Brief:
The lines below starting at the line containing "qed (use assms(1,2,5) in auto)" and ending at the line containing "obtain R0 where" are to be repeated exactly, with both ends kept and nothing else added.

Exercise data:
definition G_exists_components :: "'r set \<Rightarrow> ('r \<Rightarrow> 'a set) \<Rightarrow> 'a set \<Rightarrow> 'r set set" where
  "G_exists_components Rs att H =
     components {R \<in> Rs. att R - H \<noteq> {}} (\<lambda>R S. (att R \<inter> att S) - H \<noteq> {})"

definition dominant :: "('r \<Rightarrow> 'a set) \<Rightarrow> 'a set \<Rightarrow> 'r \<Rightarrow> 'r set \<Rightarrow> bool" where
  "dominant att H R E \<longleftrightarrow> (\<Union>S\<in>E. headR att H S) \<subseteq> headR att H R"

definition head_domination :: "'r set \<Rightarrow> ('r \<Rightarrow> 'a set) \<Rightarrow> 'a set \<Rightarrow> bool" where
  "head_domination Rs att H \<longleftrightarrow>
     (\<forall>E\<in>G_exists_components Rs att H. \<exists>R\<in>Rs. dominant att H R E)"

end

theory Submission
  imports Defs
begin

text \<open>Fix a component E of the graph on relations with existential attributes, and let X be the
  set of output attributes of its relations. All existential attributes of E lie in one
  component C of H_Q. Any two attributes of X co-occur in a relation: otherwise a path through C
  would link them to a free sequence. Hence X together with the fresh attribute of C is a clique
  of the renamed query, and as it cannot be a nested clique, some relation contains all of X.\<close>

abbreviation cooccur :: "'r set \<Rightarrow> ('r \<Rightarrow> 'a set) \<Rightarrow> 'a \<Rightarrow> 'a \<Rightarrow> bool" where
  "cooccur Rs att A B \<equiv> \<exists>R\<in>Rs. A \<in> att R \<and> B \<in> att R"

abbreviation induced_edges :: "'v set \<Rightarrow> ('v \<Rightarrow> 'v \<Rightarrow> bool) \<Rightarrow> 'v \<Rightarrow> 'v \<Rightarrow> bool" where
  "induced_edges V E u w \<equiv> u \<in> V \<and> w \<in> V \<and> E u w"

lemma components_iff:
  "C \<in> components V E \<longleftrightarrow> (\<exists>x\<in>V. C = {y \<in> V. (induced_edges V E)\<^sup>*\<^sup>* x y})"
  unfolding components_def by blast

lemma component_subset: "C \<in> components V E \<Longrightarrow> C \<subseteq> V"
  unfolding components_iff by blast

lemma component_nonempty: "C \<in> components V E \<Longrightarrow> C \<noteq> {}"
  unfolding components_iff by blast

lemma same_component_reachable:
  assumes sym: "\<And>u w. E u w \<Longrightarrow> E w u"
    and "C \<in> components V E" "a \<in> C" "b \<in> C"
  shows "(induced_edges V E)\<^sup>*\<^sup>* a b"
proof -
  obtain x where "C = {y \<in> V. (induced_edges V E)\<^sup>*\<^sup>* x y}"
    using assms(2) unfolding components_iff by blast
  then have "(induced_edges V E)\<^sup>*\<^sup>* x a" "(induced_edges V E)\<^sup>*\<^sup>* x b"
    using assms(3,4) by auto
  moreover have "symp (induced_edges V E)\<^sup>*\<^sup>*"
    using sym by (auto intro: symp_rtranclp sympI)
  ultimately show ?thesis
    by (meson rtranclp_trans sympD)
qed

lemma induced_reachable_path:
  assumes "(induced_edges V E)\<^sup>*\<^sup>* a b" "a \<in> V"
  shows "\<exists>ws. ws \<noteq> [] \<and> hd ws = a \<and> last ws = b \<and> set ws \<subseteq> V \<and> successively E ws"
  using assms
proof (induction rule: rtranclp_induct)
  case base
  then show ?case by (intro exI[of _ "[a]"]) simp
next
  case (step u w)
  then obtain ws where "ws \<noteq> []" "hd ws = a" "last ws = u" "set ws \<subseteq> V" "successively E ws"
    by blast
  with step.hyps(2) show ?case
    by (intro exI[of _ "ws @ [w]"]) (auto simp: successively_append_iff)
qed

lemma free_sequenceI:
  assumes "x \<in> H" "y \<in> H" "set ws \<subseteq> attrQ Rs att - H"
    and "successively (cooccur Rs att) (x # ws @ [y])"
    and "\<not> cooccur Rs att x y"
  shows "free_sequence Rs att H (x # ws @ [y])"
  unfolding free_sequence_def
proof (intro conjI allI impI)
  fix i assume "0 < i \<and> i < length (x # ws @ [y]) - 1"
  then obtain j where "i = Suc j" "j < length ws"
    by (cases i) auto
  then show "(x # ws @ [y]) ! i \<in> attrQ Rs att - H"
    using assms(3) nth_mem by (fastforce simp: nth_append)
next
  fix i assume "i < length (x # ws @ [y]) - 1"
  then show "cooccur Rs att ((x # ws @ [y]) ! i) ((x # ws @ [y]) ! Suc i)"
    using assms(4) by (simp add: successively_conv_nth)
qed (use assms(1,2,5) in auto)

lemma HQ_component_heads_cooccur:
  assumes no_free: "\<not> (\<exists>as. free_sequence Rs att H as)"
    and C: "C \<in> HQ_components Rs att H"
    and R: "R \<in> Rs" "x \<in> H \<inter> att R" "a \<in> C \<inter> att R"
    and S: "S \<in> Rs" "y \<in> H \<inter> att S" "b \<in> C \<inter> att S"
  shows "cooccur Rs att x y"
proof (rule ccontr)
  assume not_co: "\<not> cooccur Rs att x y"
  let ?V = "attrQ Rs att - H"
  have "C \<subseteq> ?V"
    using C unfolding HQ_components_def by (rule component_subset)
  have reach: "(induced_edges ?V (cooccur Rs att))\<^sup>*\<^sup>* a b"
    using C R(3) S(3) unfolding HQ_components_def
    by (intro same_component_reachable) blast+
  have "a \<in> ?V"
    using \<open>C \<subseteq> ?V\<close> R(3) by blast
  from induced_reachable_path[OF reach this] obtain ws where ws: "ws \<noteq> []" "hd ws = a" "last ws = b"
      "set ws \<subseteq> ?V" "successively (cooccur Rs att) ws"
    by blast
  have "successively (cooccur Rs att) (x # ws @ [y])"
    using ws R S by (auto simp: successively_Cons successively_append_iff)
  moreover have "x \<in> H" "y \<in> H"
    using R(2) S(2) by blast+
  ultimately have "free_sequence Rs att H (x # ws @ [y])"
    using free_sequenceI[OF _ _ ws(4) _ not_co] by blast
  with no_free show False by blast
qed

lemma G_exists_component_within_HQ_component:
  assumes "E \<in> G_exists_components Rs att H"
  obtains C where "C \<in> HQ_components Rs att H" "\<And>S. S \<in> E \<Longrightarrow> att S - H \<subseteq> C"
proof -
  let ?V = "attrQ Rs att - H"
  let ?hq = "induced_edges ?V (cooccur Rs att)"
  let ?g = "induced_edges {R \<in> Rs. att R - H \<noteq> {}} (\<lambda>R S. att R \<inter> att S - H \<noteq> {})"
  obtain R0 where R0: "R0 \<in> Rs" "att R0 - H \<noteq> {}"
    and E: "E = {S \<in> Rs. att S - H \<noteq> {} \<and> ?g\<^sup>*\<^sup>* R0 S}"
    using assms unfolding G_exists_components_def components_iff by auto
  then obtain a0 where a0: "a0 \<in> att R0 - H" by blast
  have a0_V: "a0 \<in> ?V"
    using a0 R0(1) unfolding attrQ_def by blast
  have "att S - H \<subseteq> {b \<in> ?V. ?hq\<^sup>*\<^sup>* a0 b}" if "?g\<^sup>*\<^sup>* R0 S" for S
    using that
  proof (induction rule: rtranclp_induct)
    case base
    show ?case
      using a0 a0_V R0(1) unfolding attrQ_def by blast
  next
    case (step S T)
    then obtain c where c: "c \<in> att S \<inter> att T - H" and "T \<in> Rs"
      by blast
    with step.IH have "?hq\<^sup>*\<^sup>* a0 c" "c \<in> ?V"
      by blast+
    with c \<open>T \<in> Rs\<close> show ?case
      unfolding attrQ_def by (blast intro: rtranclp.rtrancl_into_rtrancl)
  qed
  moreover have "{b \<in> ?V. ?hq\<^sup>*\<^sup>* a0 b} \<in> HQ_components Rs att H"
    using a0_V unfolding HQ_components_def components_iff by blast
  ultimately show thesis
    using that E by blast
qed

Output below:
qed (use assms(1,2,5) in auto)

lemma HQ_component_heads_cooccur:
  assumes no_free: "\<not> (\<exists>as. free_sequence Rs att H as)"
    and C: "C \<in> HQ_components Rs att H"
    and R: "R \<in> Rs" "x \<in> H \<inter> att R" "a \<in> C \<inter> att R"
    and S: "S \<in> Rs" "y \<in> H \<inter> att S" "b \<in> C \<inter> att S"
  shows "cooccur Rs att x y"
proof (rule ccontr)
  assume not_co: "\<not> cooccur Rs att x y"
  let ?V = "attrQ Rs att - H"
  have "C \<subseteq> ?V"
    using C unfolding HQ_components_def by (rule component_subset)
  have reach: "(induced_edges ?V (cooccur Rs att))\<^sup>*\<^sup>* a b"
    using C R(3) S(3) unfolding HQ_components_def
    by (intro same_component_reachable) blast+
  have "a \<in> ?V"
    using \<open>C \<subseteq> ?V\<close> R(3) by blast
  from induced_reachable_path[OF reach this] obtain ws where ws: "ws \<noteq> []" "hd ws = a" "last ws = b"
      "set ws \<subseteq> ?V" "successively (cooccur Rs att) ws"
    by blast
  have "successively (cooccur Rs att) (x # ws @ [y])"
    using ws R S by (auto simp: successively_Cons successively_append_iff)
  moreover have "x \<in> H" "y \<in> H"
    using R(2) S(2) by blast+
  ultimately have "free_sequence Rs att H (x # ws @ [y])"
    using free_sequenceI[OF _ _ ws(4) _ not_co] by blast
  with no_free show False by blast
qed

lemma G_exists_component_within_HQ_component:
  assumes "E \<in> G_exists_components Rs att H"
  obtains C where "C \<in> HQ_components Rs att H" "\<And>S. S \<in> E \<Longrightarrow> att S - H \<subseteq> C"
proof -
  let ?V = "attrQ Rs att - H"
  let ?hq = "induced_edges ?V (cooccur Rs att)"
  let ?g = "induced_edges {R \<in> Rs. att R - H \<noteq> {}} (\<lambda>R S. att R \<inter> att S - H \<noteq> {})"
  obtain R0 where R0: "R0 \<in> Rs" "att R0 - H \<noteq> {}"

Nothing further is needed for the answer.